Please copy, exactly as they appear below, the lines from the one containing "M (T \<union>" through the one containing "by (rule mspan_insertE[OF x S])".

Dataset entries:
______________________________

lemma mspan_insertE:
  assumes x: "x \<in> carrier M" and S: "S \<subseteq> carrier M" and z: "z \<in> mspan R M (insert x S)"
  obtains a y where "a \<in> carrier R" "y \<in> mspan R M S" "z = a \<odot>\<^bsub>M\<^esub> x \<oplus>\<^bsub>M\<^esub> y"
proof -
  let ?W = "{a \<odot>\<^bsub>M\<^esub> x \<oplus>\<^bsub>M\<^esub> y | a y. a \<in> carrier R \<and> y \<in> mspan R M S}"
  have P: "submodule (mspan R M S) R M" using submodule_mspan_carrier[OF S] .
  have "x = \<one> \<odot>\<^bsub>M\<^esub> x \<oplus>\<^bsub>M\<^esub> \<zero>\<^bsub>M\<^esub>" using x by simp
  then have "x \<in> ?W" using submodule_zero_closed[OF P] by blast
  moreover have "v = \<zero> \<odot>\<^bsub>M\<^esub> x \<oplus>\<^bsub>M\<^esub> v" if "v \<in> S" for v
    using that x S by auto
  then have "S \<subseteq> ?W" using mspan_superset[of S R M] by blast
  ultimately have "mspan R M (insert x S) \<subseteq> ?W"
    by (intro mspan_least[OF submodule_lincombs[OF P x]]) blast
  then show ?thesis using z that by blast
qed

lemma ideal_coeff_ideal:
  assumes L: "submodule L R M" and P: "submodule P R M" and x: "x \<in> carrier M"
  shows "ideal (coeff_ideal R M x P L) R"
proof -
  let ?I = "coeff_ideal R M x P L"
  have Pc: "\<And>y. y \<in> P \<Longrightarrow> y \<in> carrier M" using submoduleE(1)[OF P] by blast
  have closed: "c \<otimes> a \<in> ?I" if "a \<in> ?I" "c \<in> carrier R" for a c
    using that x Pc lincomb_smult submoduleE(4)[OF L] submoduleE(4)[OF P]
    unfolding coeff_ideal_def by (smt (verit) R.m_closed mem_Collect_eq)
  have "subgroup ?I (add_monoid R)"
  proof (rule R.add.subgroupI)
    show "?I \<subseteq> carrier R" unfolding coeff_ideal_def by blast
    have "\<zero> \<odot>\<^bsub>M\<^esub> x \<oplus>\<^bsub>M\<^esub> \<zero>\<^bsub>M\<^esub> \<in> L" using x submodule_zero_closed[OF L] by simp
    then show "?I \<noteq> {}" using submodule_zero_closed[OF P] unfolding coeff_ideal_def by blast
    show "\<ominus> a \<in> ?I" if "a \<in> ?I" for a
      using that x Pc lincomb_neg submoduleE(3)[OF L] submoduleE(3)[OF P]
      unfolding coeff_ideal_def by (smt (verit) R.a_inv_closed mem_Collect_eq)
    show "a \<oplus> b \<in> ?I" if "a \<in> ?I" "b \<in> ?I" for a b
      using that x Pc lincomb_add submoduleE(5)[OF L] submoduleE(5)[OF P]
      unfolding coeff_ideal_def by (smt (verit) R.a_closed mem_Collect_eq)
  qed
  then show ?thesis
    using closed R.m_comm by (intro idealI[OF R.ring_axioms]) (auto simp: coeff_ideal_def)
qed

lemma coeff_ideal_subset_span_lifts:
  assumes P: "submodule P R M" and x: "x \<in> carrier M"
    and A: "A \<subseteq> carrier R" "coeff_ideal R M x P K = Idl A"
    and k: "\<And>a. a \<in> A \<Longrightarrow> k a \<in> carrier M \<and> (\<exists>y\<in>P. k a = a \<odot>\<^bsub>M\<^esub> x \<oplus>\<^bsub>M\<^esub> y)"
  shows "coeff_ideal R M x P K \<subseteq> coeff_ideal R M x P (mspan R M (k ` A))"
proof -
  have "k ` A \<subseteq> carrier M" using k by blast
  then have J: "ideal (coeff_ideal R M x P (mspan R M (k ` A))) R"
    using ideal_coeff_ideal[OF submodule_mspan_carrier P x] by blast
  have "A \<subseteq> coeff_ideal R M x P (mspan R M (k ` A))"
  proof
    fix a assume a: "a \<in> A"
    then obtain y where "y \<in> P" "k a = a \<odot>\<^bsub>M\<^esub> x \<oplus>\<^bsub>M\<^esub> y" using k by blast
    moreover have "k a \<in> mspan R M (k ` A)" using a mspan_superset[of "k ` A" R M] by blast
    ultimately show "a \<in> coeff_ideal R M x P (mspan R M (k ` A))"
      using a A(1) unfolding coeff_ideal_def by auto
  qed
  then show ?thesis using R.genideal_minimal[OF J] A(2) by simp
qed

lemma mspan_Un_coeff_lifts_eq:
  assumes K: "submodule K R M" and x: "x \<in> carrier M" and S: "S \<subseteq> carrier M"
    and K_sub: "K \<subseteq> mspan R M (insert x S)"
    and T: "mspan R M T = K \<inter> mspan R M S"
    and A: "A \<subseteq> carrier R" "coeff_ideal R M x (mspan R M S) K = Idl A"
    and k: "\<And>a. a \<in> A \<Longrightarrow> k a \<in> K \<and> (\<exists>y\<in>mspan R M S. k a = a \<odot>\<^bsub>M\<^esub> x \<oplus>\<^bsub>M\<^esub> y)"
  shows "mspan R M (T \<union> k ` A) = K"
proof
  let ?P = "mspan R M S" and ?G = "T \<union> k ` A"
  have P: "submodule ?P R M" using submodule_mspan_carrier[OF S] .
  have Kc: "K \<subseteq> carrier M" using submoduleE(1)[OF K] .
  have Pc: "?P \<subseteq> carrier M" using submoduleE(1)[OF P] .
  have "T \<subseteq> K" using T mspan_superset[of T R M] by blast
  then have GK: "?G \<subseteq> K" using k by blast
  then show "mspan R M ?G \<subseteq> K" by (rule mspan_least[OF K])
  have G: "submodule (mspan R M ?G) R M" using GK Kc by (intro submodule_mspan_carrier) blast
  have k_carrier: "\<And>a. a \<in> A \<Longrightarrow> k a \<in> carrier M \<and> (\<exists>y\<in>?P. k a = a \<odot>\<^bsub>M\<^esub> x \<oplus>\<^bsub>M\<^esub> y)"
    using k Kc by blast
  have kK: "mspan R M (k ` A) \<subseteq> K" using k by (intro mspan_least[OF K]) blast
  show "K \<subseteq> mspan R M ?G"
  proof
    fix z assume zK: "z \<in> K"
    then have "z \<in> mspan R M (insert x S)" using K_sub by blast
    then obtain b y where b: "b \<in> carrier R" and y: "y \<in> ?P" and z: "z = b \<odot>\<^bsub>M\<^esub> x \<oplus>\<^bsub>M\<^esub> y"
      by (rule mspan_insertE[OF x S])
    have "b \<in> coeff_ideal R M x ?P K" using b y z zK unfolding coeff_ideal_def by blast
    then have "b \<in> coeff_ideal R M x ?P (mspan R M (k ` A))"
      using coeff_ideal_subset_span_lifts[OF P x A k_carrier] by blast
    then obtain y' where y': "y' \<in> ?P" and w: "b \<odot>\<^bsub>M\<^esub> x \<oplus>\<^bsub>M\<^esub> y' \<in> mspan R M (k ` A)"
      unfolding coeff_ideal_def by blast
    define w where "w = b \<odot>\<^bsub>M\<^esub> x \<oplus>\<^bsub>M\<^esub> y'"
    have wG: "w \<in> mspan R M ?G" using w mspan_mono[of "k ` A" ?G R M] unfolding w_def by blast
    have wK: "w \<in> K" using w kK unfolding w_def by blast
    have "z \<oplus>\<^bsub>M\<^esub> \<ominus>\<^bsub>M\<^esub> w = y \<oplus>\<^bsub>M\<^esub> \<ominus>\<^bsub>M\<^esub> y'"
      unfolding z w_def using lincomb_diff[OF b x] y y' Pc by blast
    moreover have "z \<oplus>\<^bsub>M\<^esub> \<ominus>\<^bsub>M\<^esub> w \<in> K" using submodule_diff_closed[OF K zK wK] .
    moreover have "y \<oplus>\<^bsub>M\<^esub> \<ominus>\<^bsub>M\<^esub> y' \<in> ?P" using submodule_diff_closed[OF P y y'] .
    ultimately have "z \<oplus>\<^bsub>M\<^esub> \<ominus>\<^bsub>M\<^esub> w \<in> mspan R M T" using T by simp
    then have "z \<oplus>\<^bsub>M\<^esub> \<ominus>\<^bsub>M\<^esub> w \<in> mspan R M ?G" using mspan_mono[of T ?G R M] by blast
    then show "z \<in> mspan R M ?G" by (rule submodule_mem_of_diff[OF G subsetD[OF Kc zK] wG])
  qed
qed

______________________________

Response to the task:
  shows "mspan R M (T \<union> k ` A) = K"
proof
  let ?P = "mspan R M S" and ?G = "T \<union> k ` A"
  have P: "submodule ?P R M" using submodule_mspan_carrier[OF S] .
  have Kc: "K \<subseteq> carrier M" using submoduleE(1)[OF K] .
  have Pc: "?P \<subseteq> carrier M" using submoduleE(1)[OF P] .
  have "T \<subseteq> K" using T mspan_superset[of T R M] by blast
  then have GK: "?G \<subseteq> K" using k by blast
  then show "mspan R M ?G \<subseteq> K" by (rule mspan_least[OF K])
  have G: "submodule (mspan R M ?G) R M" using GK Kc by (intro submodule_mspan_carrier) blast
  have k_carrier: "\<And>a. a \<in> A \<Longrightarrow> k a \<in> carrier M \<and> (\<exists>y\<in>?P. k a = a \<odot>\<^bsub>M\<^esub> x \<oplus>\<^bsub>M\<^esub> y)"
    using k Kc by blast
  have kK: "mspan R M (k ` A) \<subseteq> K" using k by (intro mspan_least[OF K]) blast
  show "K \<subseteq> mspan R M ?G"
  proof
    fix z assume zK: "z \<in> K"
    then have "z \<in> mspan R M (insert x S)" using K_sub by blast
    then obtain b y where b: "b \<in> carrier R" and y: "y \<in> ?P" and z: "z = b \<odot>\<^bsub>M\<^esub> x \<oplus>\<^bsub>M\<^esub> y"
      by (rule mspan_insertE[OF x S])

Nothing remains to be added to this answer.